A little late to the party but, after wanting to create my own offline version of CodePen, I implemented my own version of html syntax highlighting following CodePen's theme.
This does syntax highlighting and markup formatting, though the formatting depends on whether or not your html is well-formed.

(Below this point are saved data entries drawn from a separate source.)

lemma sum_list_map_tau_iter:
  fixes g :: "'y list \<Rightarrow> 'a::comm_monoid_add"
  assumes inv: "\<And>x. bar (bar x) = x"
  shows "sum_list (map g (tau_iter bar ys)) =
    (\<Sum>V\<in>sign_choices (length ys). g (word_of_set bar ys V))"
proof (induction ys arbitrary: g rule: rev_induct)
  case Nil
  show ?case by (simp add: sign_choices_0 word_of_set_def)
next
  case (snoc y ys)
  have "sum_list (map g (tau_iter bar (ys @ [y]))) =
      (\<Sum>V\<in>sign_choices (length ys).
        g (word_of_set bar ys V @ [y]) + g (rev (map bar (word_of_set bar ys V @ [y]))))"
    unfolding tau_iter_snoc sum_list_map_tau_rmul by (rule snoc.IH)
  also have "\<dots> = (\<Sum>V\<in>sign_choices (Suc (length ys)). g (word_of_set bar (ys @ [y]) V))"
    unfolding sum_sign_choices_Suc
    by (intro sum.cong refl)
      (simp add: word_of_set_insert_greatest word_of_set_insert_least_uminus inv)
  finally show ?case by simp
qed

definition incr_signed_perm :: "nat \<Rightarrow> int set \<Rightarrow> int \<Rightarrow> int" where
  "incr_signed_perm n V i =
     (if i \<in> {1..int n} then sorted_list_of_set V ! (nat i - 1)
      else if - i \<in> {1..int n} then - (sorted_list_of_set V ! (nat (- i) - 1))
      else i)"

lemma incr_signed_perm_uminus: "incr_signed_perm n V (- i) = - incr_signed_perm n V i"
  by (auto simp: incr_signed_perm_def)

lemma length_sorted_list_of_sign_choice:
  "V \<in> sign_choices n \<Longrightarrow> length (sorted_list_of_set V) = n"
  by (simp add: card_sign_choices)
lemma Dn_ratio_tendsto_limit_value:
  assumes "0 < p" "p < q" "odd q" "0 < r" "r < q"
    and n: "filterlim n at_top sequentially"
    and residue: "\<And>j. p * n j mod q = r" and parity: "\<And>j. odd (n j) = b"
  shows "(\<lambda>j. Dn (n j) (2 * real p / real q - 1) / real (n j))
    \<longlonglongrightarrow> limit_value q (if b then p else 0) r"
proof -
  define m where "m j = p * n j div q" for j
  define c where "c = real r / real q"
  have division: "p * n j = q * m j + r" for j
    using residue[of j] unfolding m_def by (metis div_mult_mod_eq mult.commute)
  have room: "q * m j + n j \<le> q * n j" for j
  proof -
    have "q * m j + n j \<le> p * n j + n j" using division[of j] by linarith
    also have "\<dots> \<le> q * n j" using mult_le_mono1[of "Suc p" q "n j"] assms(2) by simp
    finally show ?thesis .
  qed
  have m_le: "m j \<le> n j" for j
    using add_leD1[OF room[of j]] assms(1,2) by simp
  have "n j \<le> q * (n j - m j)" for j
    using room[of j] by (simp add: diff_mult_distrib2)
  then have m_complement: "filterlim (\<lambda>j. n j - m j) at_top sequentially"
    using assms(2) by (intro filterlim_at_top_scaled_bound[OF n, of q]) auto
  have "n j \<le> q * Suc (m j)" for j
  proof -
    have "n j \<le> p * n j" using assms(1) by simp
    also have "\<dots> \<le> q * Suc (m j)" using division[of j] assms(5) by simp
    finally show ?thesis .
  qed
  then have m: "filterlim (\<lambda>j. Suc (m j)) at_top sequentially"
    using assms(2) by (intro filterlim_at_top_scaled_bound[OF n, of q]) auto
  have sign: "(-1) ^ m j = (-1 :: real) ^ (r + (if b then p else 0))" for j
    using minus_one_power_quotient[OF assms(3) division[of j]] parity[of j] by simp
  have "(\<lambda>j. (-1) ^ (r + (if b then p else 0)) / 2 *
      (alt_recip_sum c (Suc (m j)) + alt_recip_sum (1 - c) (n j - m j)))
    \<longlonglongrightarrow> limit_value q (if b then p else 0) r"
    unfolding limit_value_eq_alt_recip_suminf[OF assms(4,5)] c_def[symmetric]
    using assms(4,5) by (intro tendsto_intros alt_recip_sum_tendsto m m_complement) (auto simp: c_def)
  moreover have "eventually (\<lambda>j. Suc 0 \<le> n j) sequentially"
    using n unfolding filterlim_at_top by blast
  then have "eventually (\<lambda>j. (-1) ^ (r + (if b then p else 0)) / 2 *
      (alt_recip_sum c (Suc (m j)) + alt_recip_sum (1 - c) (n j - m j))
      = Dn (n j) (2 * real p / real q - 1) / real (n j)) sequentially"
    by eventually_elim
      (use Dn_ratio_eq_alt_recip_sums[OF _ _ division m_le] sign assms(2) in \<open>simp add: c_def Suc_le_eq\<close>)
  ultimately show ?thesis by (rule Lim_transform_eventually)
qed

lemma mem_nodes_iff_dvd:
  assumes "0 < q" "p \<le> q" "coprime p q" "0 < n"
  shows "2 * real p / real q - 1 \<in> {node n k | k. k \<le> n} \<longleftrightarrow> q dvd n"
proof
  assume "2 * real p / real q - 1 \<in> {node n k | k. k \<le> n}"
  then obtain k where "2 * real p / real q - 1 = 2 * real k / real n - 1"
    unfolding node_def by auto
  then have "real (p * n) = real (k * q)" using assms(1,4) by (simp add: field_simps)
  then have "p * n = k * q" by (simp only: of_nat_eq_iff)
  then have "q dvd p * n" by simp
  then show "q dvd n" using assms(3) by (simp add: coprime_dvd_mult_right_iff coprime_commute)
next
  assume "q dvd n"
  then obtain t where t: "n = q * t" by auto
  then have "node n (p * t) = 2 * real p / real q - 1"
    using assms(1,4) unfolding node_def by (simp add: field_simps)
  moreover have "p * t \<le> n" using t assms(2) by simp
  ultimately show "2 * real p / real q - 1 \<in> {node n k | k. k \<le> n}" by force
qed

lemma regular_iff_eventually_not_dvd:
  assumes "0 < q" "p \<le> q" "coprime p q" "strict_mono n"
  shows "regular n (2 * real p / real q - 1) \<longleftrightarrow> (\<forall>\<^sub>F j in sequentially. \<not> q dvd n j)"
proof -
  have not_node: "2 * real p / real q - 1 \<notin> {node (n j) k | k. k \<le> n j} \<longleftrightarrow> \<not> q dvd n j"
    if "1 \<le> j" for j
    using mem_nodes_iff_dvd[OF assms(1-3)] seq_suble[OF assms(4), of j] that by simp
  show ?thesis unfolding regular_def eventually_sequentially
  proof
    assume "\<exists>j0. \<forall>j\<ge>j0. 2 * real p / real q - 1 \<notin> {node (n j) k | k. k \<le> n j}"
    then obtain j0 where "\<forall>j\<ge>j0. 2 * real p / real q - 1 \<notin> {node (n j) k | k. k \<le> n j}" ..
    then show "\<exists>j0. \<forall>j\<ge>j0. \<not> q dvd n j"
      using not_node by (intro exI[of _ "max j0 1"]) auto
  next
    assume "\<exists>j0. \<forall>j\<ge>j0. \<not> q dvd n j"
    then obtain j0 where "\<forall>j\<ge>j0. \<not> q dvd n j" ..
    then show "\<exists>j0. \<forall>j\<ge>j0. 2 * real p / real q - 1 \<notin> {node (n j) k | k. k \<le> n j}"
      using not_node by (intro exI[of _ "max j0 1"]) auto
  qed
qed

lemma exists_residue_with_parity:
  assumes "coprime p q" "odd q" "r < q"
  obtains n :: nat where "0 < n" "p * n mod q = r" "odd n = b"
proof -
  obtain x where "[p * x = 1] (mod q)" using cong_solve_coprime_nat[OF assms(1)] by auto
  then have "[p * x * r = 1 * r] (mod q)" by (rule cong_scalar_right)
  then have "p * x * r mod q = r" using assms(3) unfolding cong_def by simp
  then have residue: "p * (x * r + t * q) mod q = r" for t
    by (simp add: distrib_left mult.assoc[symmetric])
  define t :: nat where "t = (if odd (x * r + q) = b then 1 else 2)"
  have "0 < x * r + t * q"
    using odd_pos[OF assms(2)] by (simp add: t_def)
  moreover have "odd (x * r + t * q) = b"
    using assms(2) by (cases "odd (x * r + q) = b") (simp_all add: t_def)
  ultimately show ?thesis by (rule that[OF _ residue])
qed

Just add this as a class for your RichTextBox, instantiate it accordingly and call it within whichever event works for you (I'm using it with the RTB's double_click event but that does eliminate double-click text selection). What I'm planning to do is add a timer, some boolean variables and work this within the key_up and key_down events to set the highlight update to be a bit more automatic and less intrusive on shortcuts. (which is hereby included below the class)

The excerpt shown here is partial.